It is in this context that Eliot's complaint provides an avenue of escape from the rigorous Aristotelian formula. The play is indeed not tightly constructed and its digressions and variants tend to go off at so many tangents to the core story that the whole complex can be treated as a gigantic Rorschach test which can be interpreted any way one wants. This already achieves some of the audience involvement sought by Castelvetro, Cinthio, and Lope: the audience takes delight in achieving an interpretation transcending that allowed to the characters by the script. This satisfaction can be seen in the triumph of Ernest Jones and his followers in finding some ingenious kind of Freudian interpretation, or in the self-satisfaction of any other critic who believes he has found a definitive interpretation. In view of this consideration perhaps one might simply say that Shakespeare complicates his play deliberately to the point that almost any reasonable approach might seem to clarify the action somewhat, so that everyone, no matter what the assumptions, can achieve the pleasure of creating a plausible hypothesis. This would explain the multitude of conflicting interpretations historically accumulated by commentators, and might well be considered the terminating point for any critical discussion. In these terms no interpretation could ever be correct, since no possibility of solution was ever intended by the playwright; absolute impenetrability open to infinitely fascinating speculation was always his artistic aim.
The trap seems so well-designed for this purpose that avoidance of entrance is nearly impossible for an enthusiastic critic, though one may consider Cinthio and Lope as guides to its methods. For example, one may wonder why Purgatory and other Catholic terms are so frequent in the script while Hamlet is repeatedly identified as coming back to Denmark from the noted Reformation university of Wittenberg, where Luther established himself shortly after its foundation. In fact "Shakespeare and Catholicism" is the current fashionable topic among most Shakespeareans so there have been dozens of books published about Shakespeare's religion, which bear on the degree of Christianity registered in the world of Hamlet.

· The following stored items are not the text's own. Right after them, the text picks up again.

lemma prob_space_beta_measure:
  assumes "a > 0" "b > 0" shows "prob_space (beta_measure a b)"
proof
  have "emeasure (beta_measure a b) UNIV =
      (\<integral>\<^sup>+x. ennreal (beta_density a b x) * indicator UNIV x \<partial>lborel)"
    by (rule emeasure_beta_measure) simp
  also have "\<dots> = ennreal (Beta a b / Beta a b)"
    using has_integral_divide[OF has_integral_Beta_real[OF assms], of "Beta a b"] Beta_real_pos[OF assms]
    by (intro nn_integral_lborel_has_integral_Icc[where S="{0,1}"])
       (auto simp: beta_density_def indicator_def)
  finally show "emeasure (beta_measure a b) (space (beta_measure a b)) = 1"
    using Beta_real_pos[OF assms] by simp
qed

lemma AE_beta_measure: "AE x in beta_measure a b. 0 < x \<and> x < 1"
  unfolding beta_measure_def by (subst AE_density) (auto simp: beta_density_def indicator_def)

lemma nn_integral_beta_measure_abs:
  assumes "a > 0" "b > 0"
  shows "(\<integral>\<^sup>+x. ennreal \<bar>x\<bar> \<partial>beta_measure a b) = ennreal (a / (a + b))"
proof -
  have B: "Beta a b > 0" using Beta_real_pos[OF assms] .
  have "(\<integral>\<^sup>+x. ennreal \<bar>x\<bar> \<partial>beta_measure a b) =
      (\<integral>\<^sup>+x. ennreal (beta_density a b x) * ennreal \<bar>x\<bar> \<partial>lborel)"
    by (rule nn_integral_beta_measure) measurable
  also have "\<dots> = ennreal (Beta (a + 1) b / Beta a b)"
    using has_integral_divide[OF has_integral_Beta_real[of "a + 1" b], of "Beta a b"] assms B
    by (intro nn_integral_lborel_has_integral_Icc[where S="{0,1}"])
       (auto simp: beta_density_def indicator_def ennreal_mult[symmetric] powr_diff)
  also have "Beta (a + 1) b / Beta a b = a / (a + b)"
  proof -
    have "a \<notin> \<int>\<^sub>\<le>\<^sub>0" using assms by (auto elim!: nonpos_Ints_cases)
    then show ?thesis using Beta_plus1_left[of a b] B assms by (simp add: field_simps)
  qed
  finally show ?thesis .
qed

lemma distr_lborel_one_minus: "distr lborel borel (\<lambda>x::real. 1 - x) = lborel"
proof -
  have "distr lborel borel (\<lambda>x::real. 1 - x) = distr (distr lborel borel uminus) borel ((+) (1::real))"
    by (subst distr_distr) (auto simp: comp_def)
  then show ?thesis by (simp add: lborel_distr_uminus lborel_distr_plus)
qed

lemma distr_beta_measure_one_minus:
  "distr (beta_measure a b) borel (\<lambda>x. 1 - x) = beta_measure b a"
proof -
  let ?T = "\<lambda>x::real. 1 - x"
  have "distr (beta_measure a b) borel ?T =
      distr (density (distr lborel borel ?T) (\<lambda>x. ennreal (beta_density a b x))) lborel ?T"
    unfolding beta_measure_def distr_lborel_one_minus by (rule distr_cong) auto
  also have "\<dots> = density lborel ((\<lambda>x. ennreal (beta_density a b x)) \<circ> ?T)"
    by (rule distr_density_distr) auto
  also have "\<dots> = beta_measure b a"
    unfolding beta_measure_def
    by (rule density_cong) (auto simp: beta_density_def indicator_def Beta_commute[of b a] ac_simps)
  finally show ?thesis .
qed

lemma nn_integral_beta_measure_one_minus:
  assumes [measurable]: "f \<in> borel_measurable borel"
  shows "(\<integral>\<^sup>+x. f (1 - x) \<partial>beta_measure a b) = (\<integral>\<^sup>+x. f x \<partial>beta_measure b a)"
  by (subst distr_beta_measure_one_minus[symmetric, of b]) (simp add: nn_integral_distr)

lemma powr_of_nat_Suc_minus_1: "0 < x \<Longrightarrow> x powr (real (Suc n) - 1) = (x::real) ^ n"
  by (simp add: powr_realpow)

lemma emeasure_beta_measure_Suc_1_atMost:
  "emeasure (beta_measure (Suc n) 1) {..w} = ennreal (min 1 (max 0 w) ^ Suc n)"
proof -
  let ?w = "min 1 (max 0 w)"
  have "((\<lambda>x. real (Suc n) * x ^ n) has_integral ?w ^ Suc n - 0 ^ Suc n) {0..?w}"
    using DERIV_pow[of "Suc n"]
    by (intro fundamental_theorem_of_calculus)
       (auto simp: has_real_derivative_iff_has_vector_derivative[symmetric] intro: has_field_derivative_at_within)
  then have "(\<integral>\<^sup>+x. ennreal (beta_density (Suc n) 1 x) * indicator {..w} x \<partial>lborel) =
      ennreal (?w ^ Suc n)"
    by (intro nn_integral_lborel_has_integral_Icc[where S="{0, ?w, 1}"])
       (auto simp: beta_density_def indicator_def Beta_real_1_right powr_of_nat_Suc_minus_1 simp del: of_nat_Suc)
  then show ?thesis by (subst emeasure_beta_measure) auto
qed

lemma emeasure_beta_measure_Suc_atMost:
  fixes a b :: nat and s :: real
  assumes "0 \<le> s" "s \<le> 1"
  shows "emeasure (beta_measure (Suc a) (real b + 1)) {..s} =
    ennreal (integral {0..s} (\<lambda>v. v ^ a * (1 - v) ^ b) / Beta (Suc a) (real b + 1))"
proof -
  have "Beta (Suc a) (real b + 1) > 0" by (intro Beta_real_pos) auto
  have "((\<lambda>v. v ^ a * (1 - v) ^ b / Beta (Suc a) (real b + 1)) has_integral
      integral {0..s} (\<lambda>v. v ^ a * (1 - v) ^ b) / Beta (Suc a) (real b + 1)) {0..s}"
    by (intro has_integral_divide integrable_integral integrable_continuous_interval continuous_intros)
  then have "(\<integral>\<^sup>+v. ennreal (beta_density (Suc a) (real b + 1) v) * indicator {..s} v \<partial>lborel) =
      ennreal (integral {0..s} (\<lambda>v. v ^ a * (1 - v) ^ b) / Beta (Suc a) (real b + 1))"
    by (rule nn_integral_lborel_has_integral_Icc[where S="{0, s, 1}"])
       (use assms \<open>Beta (Suc a) (real b + 1) > 0\<close> in \<open>auto simp: beta_density_def indicator_def
         powr_realpow powr_of_nat_Suc_minus_1 simp del: of_nat_Suc\<close>)
  then show ?thesis by (subst emeasure_beta_measure) auto
qed

lemma emeasure_distr_mult_atMost:
  fixes M N :: "real measure"
  assumes "prob_space M" "prob_space N"
    and sets_M: "sets M = sets borel" and sets_N: "sets N = sets borel"
    and pos: "AE v in N. 0 < v"
  shows "emeasure (distr (M \<Otimes>\<^sub>M N) borel (\<lambda>p. fst p * snd p)) {..s} =
    (\<integral>\<^sup>+v. emeasure M {..s / v} \<partial>N)"
proof -
  interpret M: prob_space M by fact
  interpret N: prob_space N by fact
  interpret pair_prob_space M N ..
  note [measurable_cong] = sets_M sets_N
  let ?E = "(\<lambda>p. fst p * snd p) -` {..s} \<inter> space (M \<Otimes>\<^sub>M N)"
  have slice: "(\<lambda>x. (x, v)) -` ?E = {..s / v}" if "0 < v" for v
    using that sets_eq_imp_space_eq[OF sets_M] sets_eq_imp_space_eq[OF sets_N]
    by (auto simp: space_pair_measure pos_le_divide_eq)
  have "emeasure (distr (M \<Otimes>\<^sub>M N) borel (\<lambda>p. fst p * snd p)) {..s} = emeasure (M \<Otimes>\<^sub>M N) ?E"
    by (rule emeasure_distr) measurable
  also have "\<dots> = (\<integral>\<^sup>+v. emeasure M ((\<lambda>x. (x, v)) -` ?E) \<partial>N)"
    by (rule emeasure_pair_measure_alt2) measurable
  also have "\<dots> = (\<integral>\<^sup>+v. emeasure M {..s / v} \<partial>N)"
    by (intro nn_integral_cong_AE eventually_mono[OF pos]) (simp only: slice)
  finally show ?thesis .
qed

lemma has_integral_min_pow_times_pow:
  fixes a c :: nat and s :: real
  assumes "0 \<le> s" "s \<le> 1"
  shows "((\<lambda>v. min s v ^ Suc a * (1 - v) ^ c) has_integral
           real (Suc a) / real (Suc c) * integral {0..s} (\<lambda>v. v ^ a * (1 - v) ^ Suc c)) {0..1}"
proof -
  define I where "I = integral {0..s} (\<lambda>v. v ^ a * (1 - v) ^ Suc c)"
  define G where "G v = v ^ Suc a * (1 - v) ^ Suc c" for v :: real
  have I: "((\<lambda>v. v ^ a * (1 - v) ^ Suc c) has_integral I) {0..s}"
    unfolding I_def by (intro integrable_integral integrable_continuous_interval continuous_intros)
  have G: "((\<lambda>v. Suc a * v ^ a * (1 - v) ^ Suc c - Suc c * v ^ Suc a * (1 - v) ^ c)
      has_integral G s - G 0) {0..s}"
    unfolding G_def using assms
    by (intro fundamental_theorem_of_calculus)
       (auto intro!: derivative_eq_intros simp: has_real_derivative_iff_has_vector_derivative[symmetric]
         algebra_simps simp del: power_Suc of_nat_Suc)
  have G0: "G s - G 0 = G s" by (simp add: G_def)
  have "((\<lambda>v. (Suc a * (v ^ a * (1 - v) ^ Suc c)
         - (Suc a * v ^ a * (1 - v) ^ Suc c - Suc c * v ^ Suc a * (1 - v) ^ c)) / Suc c)
      has_integral (Suc a * I - G s) / Suc c) {0..s}"
    by (intro has_integral_divide has_integral_diff has_integral_mult_right I G[unfolded G0])
  then have head: "((\<lambda>v. min s v ^ Suc a * (1 - v) ^ c) has_integral (Suc a * I - G s) / Suc c) {0..s}"
    by (rule has_integral_eq[rotated]) (auto simp: G_def min_def field_simps simp del: of_nat_Suc)
  define F where "F v = - (s ^ Suc a * (1 - v) ^ Suc c) / Suc c" for v :: real
  have "((\<lambda>v. s ^ Suc a * (1 - v) ^ c) has_integral F 1 - F s) {s..1}"
    unfolding F_def using assms
    by (intro fundamental_theorem_of_calculus)
       (auto intro!: derivative_eq_intros simp: has_real_derivative_iff_has_vector_derivative[symmetric]
         field_simps simp del: power_Suc of_nat_Suc)
  moreover have "F 1 - F s = G s / Suc c" by (simp add: F_def G_def)
  ultimately have "((\<lambda>v. s ^ Suc a * (1 - v) ^ c) has_integral G s / Suc c) {s..1}" by simp
  then have tail: "((\<lambda>v. min s v ^ Suc a * (1 - v) ^ c) has_integral G s / Suc c) {s..1}"
    by (rule has_integral_eq[rotated]) (auto simp: G_def min_def)
  have "(Suc a * I - G s) / Suc c + G s / Suc c = Suc a / Suc c * I"
    by (simp add: diff_divide_distrib)
  with has_integral_combine[OF assms head tail] show ?thesis
    unfolding I_def by (simp only:)
qed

Most agree religious implications are at least latent. One of the earlier of these studies, Eleanor Prosser's Hamlet and Revenge, suggests revenge is unchristian whatever one's denomination, and that the play establishes this as an issue in Hamlet's hesitation about killing the usurper. Michael Wood's BBC Shakespeare program is remarkably committed to the new view that Shakespeare was a covert Catholic as the play's allusions suggest. This issue was first broached by scholars like Peter Millward (The Catholicism of Shakespeare's Plays, etc.), and gains some reinforcement from E. A. J. Honigman, Shakespeare: the "Lost Years", and Roy Battenhouse, Shakespearean Tragedy: Its Art and Christian Premises. One currently fashionable analyst of this issue is Stephen Greenblatt who has abandoned New Historicism for the religious bandwagon in focusing his book on the issue of Purgatory in Hamlet, but he is so personally hostile to Christianity that his work may be misleading for any deeper investigation.

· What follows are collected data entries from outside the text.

lemma td_g_lipschitz:
  "norm (td_g r \<gamma> \<phi> \<theta> (s, s') - td_g r \<gamma> \<phi> \<theta>' (s, s')) \<le> 2 * phi_inf\<^sup>2 * norm (\<theta> - \<theta>')"
proof -
  have "td_g r \<gamma> \<phi> \<theta> (s, s') - td_g r \<gamma> \<phi> \<theta>' (s, s')
      = (\<gamma> * (\<phi> s' \<bullet> (\<theta> - \<theta>')) - \<phi> s \<bullet> (\<theta> - \<theta>')) *\<^sub>R \<phi> s"
    unfolding td_g_def by (simp add: algebra_simps inner_diff_right)
  moreover have "\<bar>\<gamma> * (\<phi> s' \<bullet> (\<theta> - \<theta>')) - \<phi> s \<bullet> (\<theta> - \<theta>')\<bar> * norm (\<phi> s)
      \<le> (2 * phi_inf * norm (\<theta> - \<theta>')) * phi_inf"
    using td_error_linear_part_le feature_bound phi_inf_nonneg by (intro mult_mono) auto
  ultimately show ?thesis by (simp add: power2_eq_square mult_ac)
qed

lemma mean_update_norm_le: "norm (mean_update \<theta> x) \<le> grad_bound \<theta>"
  unfolding mean_update_def
  by (rule norm_convex_combination_le) (use stochastic td_g_norm_le in \<open>auto simp: stochastic_def\<close>)

lemma mean_update_lipschitz:
  "norm (mean_update \<theta> x - mean_update \<theta>' x) \<le> 2 * phi_inf\<^sup>2 * norm (\<theta> - \<theta>')"
proof -
  have "mean_update \<theta> x - mean_update \<theta>' x
      = (\<Sum>s'\<in>UNIV. P x s' *\<^sub>R (td_g r \<gamma> \<phi> \<theta> (x, s') - td_g r \<gamma> \<phi> \<theta>' (x, s')))"
    unfolding mean_update_def by (simp add: sum_subtractf scaleR_diff_right)
  also have "norm \<dots> \<le> 2 * phi_inf\<^sup>2 * norm (\<theta> - \<theta>')"
    by (rule norm_convex_combination_le) (use stochastic td_g_lipschitz in \<open>auto simp: stochastic_def\<close>)
  finally show ?thesis .
qed

lemma td_gbar_eq_mean_update: "td_gbar \<pi> P r \<gamma> \<phi> \<theta> = (\<Sum>s\<in>UNIV. \<pi> s *\<^sub>R mean_update \<theta> s)"
  unfolding td_gbar_def mean_update_def by (simp add: scaleR_sum_right)

lemma td_gbar_norm_le: "norm (td_gbar \<pi> P r \<gamma> \<phi> \<theta>) \<le> grad_bound \<theta>"
  unfolding td_gbar_eq_mean_update
  by (rule norm_convex_combination_le)
    (use stationary mean_update_norm_le in \<open>auto simp: stationary_dist_def\<close>)
(* Let $X$ and $Y$ be non-trivial separable Fréchet spaces over the same field $\mathbb{K}\in\{\mathbb{R},\mathbb{C}\}$, let $N\in\mathbb{N}$ with $N\geq 2$, and write $\mathbb{N}_N=\{1,\dots,N\}$. Suppose that $X_0$ is a dense linear subspace of $X$ and that, for each $j\in\mathbb{N}_N$, $(T_j(t))_{t\geq 0}\subseteq L(X,Y)$ is a strongly continuous operator family such that: (a) $\lim_{t\to\infty}T_j(t)x=0$ for all $x\in X_0$ and $j\in\mathbb{N}_N$; (b) there exist $x\in X$, $m\in\mathbb{N}$ and a set $B\subseteq[0,\infty)$ with $\overline{dens}(B)=1$ such that $\lim_{t\to\infty,\,t\in B}p^Y_m(T_j(t)x)=\infty$ for each $j\in\mathbb{N}_N$ (resp. $\lim_{t\to\infty,\,t\in B}\|T_j(t)x\|_Y=\infty$ for each $j\in\mathbb{N}_N$, if $Y$ is a Banach space). Then there exist a dense linear subspace $S$ of $X$ and a number $\sigma>0$ such that for each $\epsilon>0$ and for each pair $x,y\in S$ of distinct points, $$\overline{dens}\Bigl(\bigcap_{j\in\mathbb{N}_N}\{s\geq 0: d_Y(T_j(s)x,T_j(s)y)\geq\sigma\}\Bigr)=1$$ and $$\overline{dens}\Bigl(\bigcap_{j\in\mathbb{N}_N}\{s\geq 0: d_Y(T_j(s)x,T_j(s)y)<\epsilon\}\Bigr)=1.$$
   Context: The topology of $X$ is induced by a fundamental system $(p_n)_{n\in\mathbb{N}}$ of increasing seminorms and that of $Y$ by a fundamental system $(p_n^Y)_{n\in\mathbb{N}}$ of increasing seminorms. The metric on $Y$ is $d_Y(x,y)=\sum_{n=1}^\infty 2^{-n}\frac{p^Y_n(x-y)}{1+p^Y_n(x-y)}$; if $Y$ is a Banach space, one instead takes $d_Y(x,y)=\|x-y\|_Y$. For a (Lebesgue measurable) set $D\subseteq[0,\infty)$, its upper density is $\overline{dens}(D)=\limsup_{t\to+\infty}\frac{m(D\cap[0,t])}{t}$, where $m$ is Lebesgue measure. *)

theory Defs
  imports "HOL-Analysis.Analysis"
begin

For my own views about this tempting issue, I think that, like most Elizabethans, Shakespeare remained saturated in Catholic tradition whatever his formal commitment. He was surrounded by people who had been Catholics like his parents, and his mother's whole family the Ardens, not to mention the Earl of Southampton (see Eamon Duffy, The Stripping of the Altars: Traditional Religion in England 1400-1580). As for Wittenberg, it was a newly founded university associated closely with Luther and the play's references are therefore quite significant. I see Hamlet as the new Puritan crashing into corrupt "ancien régime" Denmark, which would be more or less Catholic in a decadent kind of way, just as Angelo is going to reform corrupt Catholic Vienna in Measure for Measure. However, there is a further complication in that Shakespeare likes to telescope cultural history. King Lear is an ancient, pre-Roman British king, but Edgar was one of the great Anglo-Saxon kings a millennium later (as are names like Edmund, Oswald, etc. discussed in the later chapter on this play). Old Hamlet appears to be largely a pre-Christian Scandinavian monarch, dressed like Beowulf and committed to primitive rituals such as trial by duel: despite his hints of impending Christianity, his call for revenge seems pagan, even diabolic, as his son senses. So in one way the play is also about the need for the coming of Christian pacifism to the old revenge-structured pagan culture of Scandinavia, reflected in the brutal saga which is its ultimate source. By this view, young Hamlet aspires to reform Denmark in two senses, first in rejecting the heroic pagan values of the old sagas, and secondly as a Reformation Puritan repudiating the degenerate morals of much late medieval society. I think the play works well in both terms. So Hamlet is a reformer against his father's revenge culture, and also against the increasingly Machiavellian culture of old Catholic Europe, as reflected by his ambivalent uncle, a Borgia-like figure.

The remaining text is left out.